lemma ss_point_interior_bounds:
  assumes "sorted xs" "xs \<noteq> []" "m \<ge> 1" "1 \<le> i" "i \<le> int (length xs)"
  shows "ord_stat xs (i - int m) \<le> ss_point xs m i \<and> ss_point xs m i \<le> ord_stat xs (i + int m - 1)"
proof -
  define R where "R = {i - int m .. i + int m - 1}"
  have card: "real (card R) = 2 * real m" unfolding R_def by simp
  have "r \<in> R \<Longrightarrow> ord_stat xs (i - int m) \<le> ord_stat xs r" for r
    unfolding R_def by (rule ord_stat_mono[OF assms(1,2)]) simp
  then have "2 * real m * ord_stat xs (i - int m) \<le> (\<Sum>r\<in>R. ord_stat xs r)"
    using sum_bounded_below[of R "ord_stat xs (i - int m)" "ord_stat xs"] card by simp
  moreover have "r \<in> R \<Longrightarrow> ord_stat xs r \<le> ord_stat xs (i + int m - 1)" for r
    unfolding R_def by (rule ord_stat_mono[OF assms(1,2)]) simp
  then have "(\<Sum>r\<in>R. ord_stat xs r) \<le> 2 * real m * ord_stat xs (i + int m - 1)"
    using sum_bounded_above[of R "ord_stat xs" "ord_stat xs (i + int m - 1)"] card by simp
  moreover have "ss_point xs m i = (\<Sum>r\<in>R. ord_stat xs r) / (2 * real m)"
    unfolding R_def by (rule ss_point_interior_eq) (use assms in auto)
  ultimately show ?thesis
    using assms(3) by (simp add: pos_le_divide_eq pos_divide_le_eq mult.commute)
qed

lemma ord_stat_le_ss_point:
  assumes "sorted xs" "xs \<noteq> []" "m \<ge> 1" "0 \<le> i" "i \<le> int (length xs)"
  shows "ord_stat xs (i - int m) \<le> ss_point xs m i"
proof (cases "i = 0")
  case True
  then show ?thesis using ord_stat_le_one[of "- int m" xs] by (simp add: ss_point_def)
next
  case False
  then show ?thesis using ss_point_interior_bounds[OF assms(1-3)] assms(4,5) by simp
qed
(* Let $j\geq1$, let $\lambda=(\lambda_1,\ldots,\lambda_{j-1})$ and $\mu=(\mu_{j+2},\ldots,\mu_\ell)$ be integer vectors, and let $D$ be a valid set of pairs. Assume that $\sigma^j=\sigma^{j+1}$, $(j,j+1)\notin D$, and that for each $h<j$, $(h,j)\in D$ if and only if $(h,j+1)\in D$. (a) For any integers $r$ and $s$, we have $R^D\sigma_{\lambda,r,s,\mu}=-R^D\sigma_{\lambda,s-1,r+1,\mu}$ in $\mathbb{Z}[\sigma]$. (b) For any integer $r$, we have $R^D\tau_{\lambda,r,r,\mu}=R^D\sigma_{\lambda,r,r,\mu}$ in $\mathbb{Z}[\sigma,z]$.
   Context: For each $r\geq1$, $\sigma^r=(\sigma^r_i)_{i\in\mathbb{Z}}$ is a sequence of variables with $\sigma^r_0=1$ and $\sigma^r_i=0$ for $i<0$; $\mathbb{Z}[\sigma]$ is the polynomial ring in the $\sigma^r_i$, $i,r\geq1$ (with the identification $\sigma^j=\sigma^{j+1}$ imposed by the hypothesis). For an integer sequence $\alpha$, $\sigma_\alpha:=\sigma^1_{\alpha_1}\sigma^2_{\alpha_2}\cdots$. $(\lambda,r,s,\mu)$ denotes the concatenated vector $(\lambda_1,\ldots,\lambda_{j-1},r,s,\mu_{j+2},\ldots,\mu_\ell)$. For $i<j$, $R_{ij}$ raises the $i$-th entry by 1 and lowers the $j$-th by 1; a raising operator $R$ is a monomial in the $R_{ij}$, and $R\sigma_\alpha:=\sigma_{R\alpha}$. A valid set of pairs is a finite subset $D$ of $\{(i,j)\in\mathbb{Z}^2\mid1\leq i<j\}$ which is an order ideal for the order $(i',j')\leq(i,j)$ iff $i'\leq i$ and $j'\leq j$. $R^D:=\prod_{1\leq i<j\leq\ell}(1-R_{ij})\prod_{(i,j)\in D}(1+R_{ij})^{-1}$, expanded as a power series and applied linearly. Let $z$ be a variable; $\tau^r:=\sigma^r$ for $r\neq j$ and $\tau^j_p:=\sigma^j_p+z\sigma^j_{p-1}$ for $p\in\mathbb{Z}$; $\tau_\alpha:=\tau^1_{\alpha_1}\tau^2_{\alpha_2}\cdots$, $R\tau_\alpha:=\tau_{R\alpha}$. *)

theory Defs
  imports Main "HOL-Library.Groups_Big_Fun"
begin

text \<open>The ring Z[sigma] (modulo the imposed identification) is modelled by evaluation:
  a family of elements sigma r p of an arbitrary commutative ring, indexed by the
  superscript r and the integer subscript p.\<close>

definition sigma_normalized :: "(nat \<Rightarrow> int \<Rightarrow> 'a::comm_ring_1) \<Rightarrow> bool" where
  "sigma_normalized \<sigma> \<longleftrightarrow> (\<forall>r\<ge>1. \<sigma> r 0 = 1 \<and> (\<forall>i<0. \<sigma> r i = 0))"

text \<open>sigma_alpha = sigma^1_{alpha_1} sigma^2_{alpha_2} ... for a vector alpha of length l
  (given as a list; entry alpha_k is the list element at index k-1).\<close>
definition sigma_mon :: "(nat \<Rightarrow> int \<Rightarrow> 'a::comm_ring_1) \<Rightarrow> int list \<Rightarrow> 'a" where
  "sigma_mon \<sigma> \<alpha> = (\<Prod>k<length \<alpha>. \<sigma> (Suc k) (\<alpha> ! k))"

definition valid_pairs :: "(nat \<times> nat) set \<Rightarrow> bool" where
  "valid_pairs D \<longleftrightarrow> finite D \<and> D \<subseteq> {(i,j). 1 \<le> i \<and> i < j} \<and>
     (\<forall>i j i' j'. (i,j) \<in> D \<longrightarrow> 1 \<le> i' \<longrightarrow> i' < j' \<longrightarrow> i' \<le> i \<longrightarrow> j' \<le> j \<longrightarrow> (i',j') \<in> D)"

definition pairs_upto :: "nat \<Rightarrow> (nat \<times> nat) set" where
  "pairs_upto l = {(i,j). 1 \<le> i \<and> i < j \<and> j \<le> l}"

text \<open>The raising operator R = prod R_ij^(n(i,j)) applied to an integer vector:
  entry p is raised by n(p,j) for each j > p and lowered by n(i,p) for each i < p.\<close>
definition raise_vec :: "(nat \<times> nat \<Rightarrow> nat) \<Rightarrow> int list \<Rightarrow> int list" where
  "raise_vec n \<alpha> = map (\<lambda>k. \<alpha> ! k + int (\<Sum>j\<in>{Suc (Suc k)..length \<alpha>}. n (Suc k, j))
                                 - int (\<Sum>i\<in>{1..k}. n (i, Suc k))) [0..<length \<alpha>]"

text \<open>Coefficient of x^m in the power series (1 - x)(1 + x)^{-1} (if the pair is in D),
  resp. in 1 - x (otherwise).\<close>
definition pair_coeff :: "(nat \<times> nat) set \<Rightarrow> nat \<times> nat \<Rightarrow> nat \<Rightarrow> int" where
  "pair_coeff D p m =
     (if p \<in> D then (if m = 0 then 1 else 2 * (-1) ^ m)
      else (if m = 0 then 1 else if m = 1 then -1 else 0))"
lemma abs_prod_ge_separated:
  fixes r :: "'i \<Rightarrow> real"
  assumes "finite I" "m \<in> I" "d \<ge> 0" "\<And>n. n \<in> I - {m} \<Longrightarrow> d \<le> \<bar>x - r n\<bar>"
  shows "\<bar>x - r m\<bar> * d ^ (card I - 1) \<le> \<bar>\<Prod>n\<in>I. x - r n\<bar>"
proof -
  have "d ^ (card I - 1) = (\<Prod>n\<in>I - {m}. d)"
    using assms(1,2) by (simp add: card_Diff_singleton)
  also have "\<dots> \<le> (\<Prod>n\<in>I - {m}. \<bar>x - r n\<bar>)"
    using assms(3,4) by (intro prod_mono) auto
  finally show ?thesis
    using assms(1,2) by (simp add: prod.remove abs_mult mult_left_mono flip: abs_prod)
qed

lemma discriminant_eq_prod_band_zeros:
  fixes lmin lmax :: "nat \<Rightarrow> real"
  assumes "p \<ge> 1" and a_pos: "\<And>n. a n > 0"
    and bands: "is_band_decomposition a b p lmin lmax"
    and "d > 0" and gaps: "\<forall>n\<in>{1..<p}. lmin (Suc n) - lmax n \<ge> d"
  obtains r where "\<And>n. n \<in> {1..p} \<Longrightarrow> r n \<in> {lmin n..lmax n}"
    and "\<And>lam. discriminant a b p lam = (\<Prod>n=1..p. lam - r n) / (\<Prod>n=1..p. a (int n))"
proof -
  have lt: "\<forall>n\<in>{1..p}. lmin n < lmax n"
    and onto: "\<forall>n\<in>{1..p}. discriminant a b p ` {lmin n..lmax n} = {-2..2}"
    using bands unfolding is_band_decomposition_def by auto
  have "\<exists>r \<in> {lmin n..lmax n}. discriminant a b p r = 0" if "n \<in> {1..p}" for n
    using onto that by (metis atLeastAtMost_iff imageE neg_le_0_iff_le zero_le_numeral)
  then obtain r where r: "\<And>n. n \<in> {1..p} \<Longrightarrow> r n \<in> {lmin n..lmax n} \<and> discriminant a b p (r n) = 0"
    by metis
  have "inj_on r {1..p}"
  proof (rule linorder_inj_onI)
    fix m n assume "m < n" "m \<in> {1..p}" "n \<in> {1..p}"
    then have "r m \<le> lmax m" "lmax m + d \<le> lmin n" "lmin n \<le> r n"
      using r separated_bands[OF lt gaps] \<open>d > 0\<close> by auto
    then show "r m \<noteq> r n" using \<open>d > 0\<close> by linarith
  qed auto
  have a_ne: "a (int i) \<noteq> 0" for i
    using a_pos[of "int i"] by simp
  note deg = degree_discriminant_poly[where a = a and b = b, OF \<open>p \<ge> 1\<close> a_ne]
  have card: "card (r ` {1..p}) = degree (discriminant_poly a b p)"
    using \<open>inj_on r {1..p}\<close> deg by (simp add: card_image)
  show ?thesis
  proof (rule that)
    fix lam
    have "poly (discriminant_poly a b p) lam
            = lead_coeff (discriminant_poly a b p) * (\<Prod>x\<in>r ` {1..p}. lam - x)"
      using r card by (intro poly_eq_lead_coeff_prod_roots) (auto simp: discriminant_eq_poly)
    also have "\<dots> = (\<Prod>n=1..p. lam - r n) / (\<Prod>n=1..p. a (int n))"
      using deg prod.reindex[OF \<open>inj_on r {1..p}\<close>, of "\<lambda>x. lam - x"] by (simp add: comp_def)
    finally show "discriminant a b p lam = (\<Prod>n=1..p. lam - r n) / (\<Prod>n=1..p. a (int n))"
      by (simp add: discriminant_eq_poly)
  qed (use r in blast)
qed
theorem theorem1:
  fixes D :: "pref set"
  assumes "rich_single_crossing D"
  shows "(\<forall>R\<in>D. \<not> prec R R)
     \<and> (\<forall>R1\<in>D. \<forall>R2\<in>D. \<forall>R3\<in>D. prec R1 R2 \<and> prec R2 R3 \<longrightarrow> prec R1 R3)
     \<and> (\<forall>R1\<in>D. \<forall>R2\<in>D. R1 \<noteq> R2 \<longrightarrow> prec R1 R2 \<or> prec R2 R1)
     \<and> (\<forall>S. S \<subseteq> D \<and> S \<noteq> {} \<and> (\<exists>b\<in>D. \<forall>s\<in>S. preceq s b) \<longrightarrow>
          (\<exists>u\<in>D. (\<forall>s\<in>S. preceq s u) \<and> (\<forall>v\<in>D. (\<forall>s\<in>S. preceq s v) \<longrightarrow> preceq u v)))
     \<and> (\<forall>R1\<in>D. \<forall>R2\<in>D. prec R1 R2 \<longrightarrow> (\<exists>R\<in>D. prec R1 R \<and> prec R R2))
     \<and> (\<exists>h :: pref \<Rightarrow> real. \<exists>a b :: ereal. a < b
          \<and> h ` D = {x. a < ereal x \<and> ereal x < b}
          \<and> (\<forall>R1\<in>D. \<forall>R2\<in>D. prec R1 R2 \<longrightarrow> h R1 < h R2)
          \<and> homeomorphic_map (order_top D) (subtopology euclideanreal (h ` D)) h)
     \<and> metrizable_space (order_top D)"
proof -
  interpret rich_sc_domain D
    using assms by unfold_locales
  show ?thesis
  proof (intro conjI)
    show "\<forall>R\<in>D. \<not> prec R R"
      by (simp add: prec_def)
    show "\<forall>R1\<in>D. \<forall>R2\<in>D. \<forall>R3\<in>D. prec R1 R2 \<and> prec R2 R3 \<longrightarrow> prec R1 R3"
      using prec_trans by blast
    show "\<forall>R1\<in>D. \<forall>R2\<in>D. R1 \<noteq> R2 \<longrightarrow> prec R1 R2 \<or> prec R2 R1"
      using prec_linear by blast
    show "\<forall>S. S \<subseteq> D \<and> S \<noteq> {} \<and> (\<exists>b\<in>D. \<forall>s\<in>S. preceq s b) \<longrightarrow>
          (\<exists>u\<in>D. (\<forall>s\<in>S. preceq s u) \<and> (\<forall>v\<in>D. (\<forall>s\<in>S. preceq s v) \<longrightarrow> preceq u v))"
      using prec_complete by blast
    show "\<forall>R1\<in>D. \<forall>R2\<in>D. prec R1 R2 \<longrightarrow> (\<exists>R\<in>D. prec R1 R \<and> prec R R2)"
      using prec_dense by blast
  qed (fact order_top_homeomorphic_interval metrizable_order_top)+
qed

end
┄┄┄┄┄┄┄┄┄┄┄┄┄┄┄┄┄┄┄┄
EXERCISE DETAILS: For this task, copy every line of the material in which "sorted" appears.

EXERCISE ANSWER:
  assumes "sorted xs" "xs \<noteq> []" "m \<ge> 1" "1 \<le> i" "i \<le> int (length xs)"
  assumes "sorted xs" "xs \<noteq> []" "m \<ge> 1" "0 \<le> i" "i \<le> int (length xs)"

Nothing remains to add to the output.